(* Let $G^*=(V_L,V_R,E^* )$ be drawn uniformly from $\mathcal{G}_{m,n,s,t}$ (assumed nonempty), and let $F$ be a viable set of edges. (1) Let $u\in V_L$ with $\deg_F(u)<t$, and let $v$ be uniformly sampled from $N_{G^*}(u)\setminus N_F(u)$. Then $$\Pr_{G^*,v}\left[\deg_F(v)>0\ \middle|\ F\subseteq E^*\right]\le\frac{|\{x\in V_R:\deg_F(x)>0\}|}{|V_R|}.$$ (2) Let $u\in V_R$ with $\deg_F(u)<s$, and let $v$ be uniformly sampled from $N_{G^*}(u)\setminus N_F(u)$. Then $$\Pr_{G^*,v}\left[\deg_F(v)>0\ \middle|\ F\subseteq E^*\right]\le\frac{|\{x\in V_L:\deg_F(x)>0\}|}{|V_L|}.$$
   Context: $\mathcal{G}_{m,n,s,t}$ is the set of bipartite graphs on fixed vertex sets $V_L$ ($|V_L|=n$, each of degree $t$) and $V_R$ ($|V_R|=m$, each of degree $s$). For a set of edges $F\subseteq\binom{V_L\cup V_R}{2}$ and a vertex $v$, $N_F(v)=\{u:\{v,u\}\in F\}$ and $\deg_F(v)=|N_F(v)|$. $F$ is viable if $F\subseteq E(G)$ for some $G\in\mathcal{G}_{m,n,s,t}$. *)

theory Defs
  imports "HOL-Probability.Probability_Mass_Function"
begin

definition nbr :: "'a set set \<Rightarrow> 'a \<Rightarrow> 'a set" where
  "nbr F v = {u. {v, u} \<in> F}"

definition deg :: "'a set set \<Rightarrow> 'a \<Rightarrow> nat" where
  "deg F v = card (nbr F v)"

text \<open>The class G_{m,n,s,t}: bipartite graphs (as edge sets) between the fixed
  vertex sets VL (|VL| = n, each vertex of degree t) and VR (|VR| = m, each of degree s).\<close>
definition bip_graphs :: "'a set \<Rightarrow> 'a set \<Rightarrow> nat \<Rightarrow> nat \<Rightarrow> 'a set set set" where
  "bip_graphs VL VR s t =
     {E. E \<subseteq> {{x, y} | x y. x \<in> VL \<and> y \<in> VR}
         \<and> (\<forall>x\<in>VL. deg E x = t) \<and> (\<forall>y\<in>VR. deg E y = s)}"

definition viable :: "'a set \<Rightarrow> 'a set \<Rightarrow> nat \<Rightarrow> nat \<Rightarrow> 'a set set \<Rightarrow> bool" where
  "viable VL VR s t F \<longleftrightarrow> (\<exists>G\<in>bip_graphs VL VR s t. F \<subseteq> G)"

text \<open>Joint law of (G*, v): G* uniform on G_{m,n,s,t} conditioned on F \<subseteq> E(G*),
  then v uniform on N_{G*}(u) - N_F(u). We return the law of v.\<close>
definition sample_v :: "'a set \<Rightarrow> 'a set \<Rightarrow> nat \<Rightarrow> nat \<Rightarrow> 'a set set \<Rightarrow> 'a \<Rightarrow> 'a pmf" where
  "sample_v VL VR s t F u =
     cond_pmf (pmf_of_set (bip_graphs VL VR s t)) {G. F \<subseteq> G}
       \<bind> (\<lambda>G. pmf_of_set (nbr G u - nbr F u))"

Task description - Reproduce the listing exactly, leaving nothing out.

Result below -
(* Let $G^*=(V_L,V_R,E^* )$ be drawn uniformly from $\mathcal{G}_{m,n,s,t}$ (assumed nonempty), and let $F$ be a viable set of edges. (1) Let $u\in V_L$ with $\deg_F(u)<t$, and let $v$ be uniformly sampled from $N_{G^*}(u)\setminus N_F(u)$. Then $$\Pr_{G^*,v}\left[\deg_F(v)>0\ \middle|\ F\subseteq E^*\right]\le\frac{|\{x\in V_R:\deg_F(x)>0\}|}{|V_R|}.$$ (2) Let $u\in V_R$ with $\deg_F(u)<s$, and let $v$ be uniformly sampled from $N_{G^*}(u)\setminus N_F(u)$. Then $$\Pr_{G^*,v}\left[\deg_F(v)>0\ \middle|\ F\subseteq E^*\right]\le\frac{|\{x\in V_L:\deg_F(x)>0\}|}{|V_L|}.$$
   Context: $\mathcal{G}_{m,n,s,t}$ is the set of bipartite graphs on fixed vertex sets $V_L$ ($|V_L|=n$, each of degree $t$) and $V_R$ ($|V_R|=m$, each of degree $s$). For a set of edges $F\subseteq\binom{V_L\cup V_R}{2}$ and a vertex $v$, $N_F(v)=\{u:\{v,u\}\in F\}$ and $\deg_F(v)=|N_F(v)|$. $F$ is viable if $F\subseteq E(G)$ for some $G\in\mathcal{G}_{m,n,s,t}$. *)

theory Defs
  imports "HOL-Probability.Probability_Mass_Function"
begin

definition nbr :: "'a set set \<Rightarrow> 'a \<Rightarrow> 'a set" where
  "nbr F v = {u. {v, u} \<in> F}"

definition deg :: "'a set set \<Rightarrow> 'a \<Rightarrow> nat" where
  "deg F v = card (nbr F v)"

text \<open>The class G_{m,n,s,t}: bipartite graphs (as edge sets) between the fixed
  vertex sets VL (|VL| = n, each vertex of degree t) and VR (|VR| = m, each of degree s).\<close>
definition bip_graphs :: "'a set \<Rightarrow> 'a set \<Rightarrow> nat \<Rightarrow> nat \<Rightarrow> 'a set set set" where
  "bip_graphs VL VR s t =
     {E. E \<subseteq> {{x, y} | x y. x \<in> VL \<and> y \<in> VR}
         \<and> (\<forall>x\<in>VL. deg E x = t) \<and> (\<forall>y\<in>VR. deg E y = s)}"

definition viable :: "'a set \<Rightarrow> 'a set \<Rightarrow> nat \<Rightarrow> nat \<Rightarrow> 'a set set \<Rightarrow> bool" where
  "viable VL VR s t F \<longleftrightarrow> (\<exists>G\<in>bip_graphs VL VR s t. F \<subseteq> G)"

text \<open>Joint law of (G*, v): G* uniform on G_{m,n,s,t} conditioned on F \<subseteq> E(G*),
  then v uniform on N_{G*}(u) - N_F(u). We return the law of v.\<close>
definition sample_v :: "'a set \<Rightarrow> 'a set \<Rightarrow> nat \<Rightarrow> nat \<Rightarrow> 'a set set \<Rightarrow> 'a \<Rightarrow> 'a pmf" where
  "sample_v VL VR s t F u =
     cond_pmf (pmf_of_set (bip_graphs VL VR s t)) {G. F \<subseteq> G}
       \<bind> (\<lambda>G. pmf_of_set (nbr G u - nbr F u))"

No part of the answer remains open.